Provide again, from the entries below, every line from the one containing "using prec_splitn_desc prec_desc_splitn_1_Apiece" through the one containing "k' @ (Apiece", exactly as written, and no other line.

%%

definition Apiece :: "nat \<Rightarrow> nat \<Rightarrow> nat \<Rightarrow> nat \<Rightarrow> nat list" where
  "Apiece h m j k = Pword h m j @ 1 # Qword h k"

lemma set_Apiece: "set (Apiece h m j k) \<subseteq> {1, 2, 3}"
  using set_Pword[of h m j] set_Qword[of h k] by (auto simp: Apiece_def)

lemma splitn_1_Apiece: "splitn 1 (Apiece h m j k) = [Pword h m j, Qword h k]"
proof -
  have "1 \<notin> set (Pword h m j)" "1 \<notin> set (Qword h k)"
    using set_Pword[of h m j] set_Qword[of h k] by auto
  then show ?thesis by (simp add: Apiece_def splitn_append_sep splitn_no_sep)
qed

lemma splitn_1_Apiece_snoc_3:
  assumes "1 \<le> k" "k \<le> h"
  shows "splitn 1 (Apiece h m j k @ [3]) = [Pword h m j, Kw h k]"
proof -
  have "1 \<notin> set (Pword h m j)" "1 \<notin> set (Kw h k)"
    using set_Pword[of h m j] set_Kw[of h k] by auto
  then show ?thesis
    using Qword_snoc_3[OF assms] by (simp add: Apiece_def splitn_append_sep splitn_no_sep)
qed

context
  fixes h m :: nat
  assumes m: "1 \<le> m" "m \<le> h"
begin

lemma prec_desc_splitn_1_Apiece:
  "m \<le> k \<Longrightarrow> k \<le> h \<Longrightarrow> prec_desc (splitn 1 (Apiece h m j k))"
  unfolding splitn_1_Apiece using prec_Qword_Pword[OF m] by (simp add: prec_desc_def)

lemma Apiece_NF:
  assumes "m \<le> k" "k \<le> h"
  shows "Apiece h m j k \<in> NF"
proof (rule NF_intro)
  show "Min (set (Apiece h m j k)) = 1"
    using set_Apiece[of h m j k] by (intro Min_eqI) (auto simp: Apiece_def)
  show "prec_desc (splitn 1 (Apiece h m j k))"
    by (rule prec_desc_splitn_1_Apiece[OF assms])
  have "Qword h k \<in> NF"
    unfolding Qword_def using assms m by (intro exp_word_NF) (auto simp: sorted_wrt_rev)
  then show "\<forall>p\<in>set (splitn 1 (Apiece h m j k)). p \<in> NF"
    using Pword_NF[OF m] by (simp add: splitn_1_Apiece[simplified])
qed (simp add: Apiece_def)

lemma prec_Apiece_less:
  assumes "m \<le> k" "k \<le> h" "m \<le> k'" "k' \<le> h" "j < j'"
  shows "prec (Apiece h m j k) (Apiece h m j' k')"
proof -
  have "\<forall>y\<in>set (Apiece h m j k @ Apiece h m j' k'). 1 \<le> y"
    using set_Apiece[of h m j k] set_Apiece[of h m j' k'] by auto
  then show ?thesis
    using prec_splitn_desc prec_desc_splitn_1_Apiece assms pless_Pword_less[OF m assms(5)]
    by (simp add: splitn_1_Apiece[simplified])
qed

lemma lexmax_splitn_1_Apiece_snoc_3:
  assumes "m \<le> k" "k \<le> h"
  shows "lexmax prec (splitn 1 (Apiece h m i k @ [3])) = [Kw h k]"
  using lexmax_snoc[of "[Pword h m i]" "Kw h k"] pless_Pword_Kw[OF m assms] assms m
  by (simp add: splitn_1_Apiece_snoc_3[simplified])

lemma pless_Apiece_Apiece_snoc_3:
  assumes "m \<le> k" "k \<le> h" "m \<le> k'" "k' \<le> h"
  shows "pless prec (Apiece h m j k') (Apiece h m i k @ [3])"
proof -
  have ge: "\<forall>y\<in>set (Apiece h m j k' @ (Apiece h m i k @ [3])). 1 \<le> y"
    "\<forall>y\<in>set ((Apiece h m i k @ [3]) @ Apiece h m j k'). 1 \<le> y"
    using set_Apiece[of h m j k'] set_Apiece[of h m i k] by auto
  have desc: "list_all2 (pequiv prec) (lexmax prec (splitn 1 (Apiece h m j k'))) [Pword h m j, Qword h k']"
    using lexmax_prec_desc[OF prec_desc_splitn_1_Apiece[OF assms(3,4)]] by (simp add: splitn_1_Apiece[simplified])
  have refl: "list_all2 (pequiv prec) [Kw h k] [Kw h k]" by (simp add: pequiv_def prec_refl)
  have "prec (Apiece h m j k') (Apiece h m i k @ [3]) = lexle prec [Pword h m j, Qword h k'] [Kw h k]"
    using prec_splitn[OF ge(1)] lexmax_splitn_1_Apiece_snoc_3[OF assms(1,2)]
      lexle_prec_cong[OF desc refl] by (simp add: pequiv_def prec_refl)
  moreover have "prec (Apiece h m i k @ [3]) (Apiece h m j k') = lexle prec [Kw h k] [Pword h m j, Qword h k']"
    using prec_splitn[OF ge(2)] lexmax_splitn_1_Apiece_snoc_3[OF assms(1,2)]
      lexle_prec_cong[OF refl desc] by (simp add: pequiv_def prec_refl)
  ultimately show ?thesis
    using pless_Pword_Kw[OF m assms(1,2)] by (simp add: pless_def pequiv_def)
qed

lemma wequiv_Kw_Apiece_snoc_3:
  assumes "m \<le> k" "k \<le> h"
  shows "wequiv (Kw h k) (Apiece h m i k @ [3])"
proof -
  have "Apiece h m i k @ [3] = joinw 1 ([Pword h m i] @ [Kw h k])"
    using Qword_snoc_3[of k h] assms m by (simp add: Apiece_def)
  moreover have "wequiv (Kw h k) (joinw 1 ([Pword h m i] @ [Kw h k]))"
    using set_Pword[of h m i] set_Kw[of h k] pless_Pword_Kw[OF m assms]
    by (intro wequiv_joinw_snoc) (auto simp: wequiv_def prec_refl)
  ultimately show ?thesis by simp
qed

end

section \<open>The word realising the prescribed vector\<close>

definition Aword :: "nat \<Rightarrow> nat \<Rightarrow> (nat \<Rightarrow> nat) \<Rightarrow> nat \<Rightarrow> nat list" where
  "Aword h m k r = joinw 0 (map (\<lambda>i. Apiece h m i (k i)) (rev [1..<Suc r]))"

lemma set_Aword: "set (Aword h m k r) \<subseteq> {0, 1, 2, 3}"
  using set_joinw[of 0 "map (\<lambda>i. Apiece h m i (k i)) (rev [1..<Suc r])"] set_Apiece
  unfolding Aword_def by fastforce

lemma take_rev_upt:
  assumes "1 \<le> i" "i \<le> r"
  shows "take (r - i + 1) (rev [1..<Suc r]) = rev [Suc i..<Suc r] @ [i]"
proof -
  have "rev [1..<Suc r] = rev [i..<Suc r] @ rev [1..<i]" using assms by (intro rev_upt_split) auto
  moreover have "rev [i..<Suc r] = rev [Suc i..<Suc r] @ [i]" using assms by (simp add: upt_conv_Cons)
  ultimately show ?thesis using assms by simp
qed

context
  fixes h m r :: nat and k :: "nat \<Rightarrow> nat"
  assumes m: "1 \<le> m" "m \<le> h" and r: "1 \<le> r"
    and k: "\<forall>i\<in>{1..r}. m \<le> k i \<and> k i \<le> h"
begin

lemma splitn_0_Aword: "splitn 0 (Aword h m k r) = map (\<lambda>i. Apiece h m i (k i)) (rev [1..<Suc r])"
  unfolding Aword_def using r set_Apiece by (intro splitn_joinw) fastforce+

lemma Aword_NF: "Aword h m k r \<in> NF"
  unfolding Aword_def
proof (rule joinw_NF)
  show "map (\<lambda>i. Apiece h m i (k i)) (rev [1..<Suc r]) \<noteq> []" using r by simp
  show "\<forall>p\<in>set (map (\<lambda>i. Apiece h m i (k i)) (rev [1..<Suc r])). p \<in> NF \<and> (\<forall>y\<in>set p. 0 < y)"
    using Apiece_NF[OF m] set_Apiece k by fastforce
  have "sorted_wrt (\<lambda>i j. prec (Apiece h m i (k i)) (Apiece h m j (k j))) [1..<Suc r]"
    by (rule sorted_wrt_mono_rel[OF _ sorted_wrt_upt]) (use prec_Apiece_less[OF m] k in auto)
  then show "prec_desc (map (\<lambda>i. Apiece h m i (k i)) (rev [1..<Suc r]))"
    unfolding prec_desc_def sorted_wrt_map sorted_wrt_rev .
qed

%%

§ **RESPONSE**:
    using prec_splitn_desc prec_desc_splitn_1_Apiece assms pless_Pword_less[OF m assms(5)]
    by (simp add: splitn_1_Apiece[simplified])
qed

lemma lexmax_splitn_1_Apiece_snoc_3:
  assumes "m \<le> k" "k \<le> h"
  shows "lexmax prec (splitn 1 (Apiece h m i k @ [3])) = [Kw h k]"
  using lexmax_snoc[of "[Pword h m i]" "Kw h k"] pless_Pword_Kw[OF m assms] assms m
  by (simp add: splitn_1_Apiece_snoc_3[simplified])

lemma pless_Apiece_Apiece_snoc_3:
  assumes "m \<le> k" "k \<le> h" "m \<le> k'" "k' \<le> h"
  shows "pless prec (Apiece h m j k') (Apiece h m i k @ [3])"
proof -
  have ge: "\<forall>y\<in>set (Apiece h m j k' @ (Apiece h m i k @ [3])). 1 \<le> y"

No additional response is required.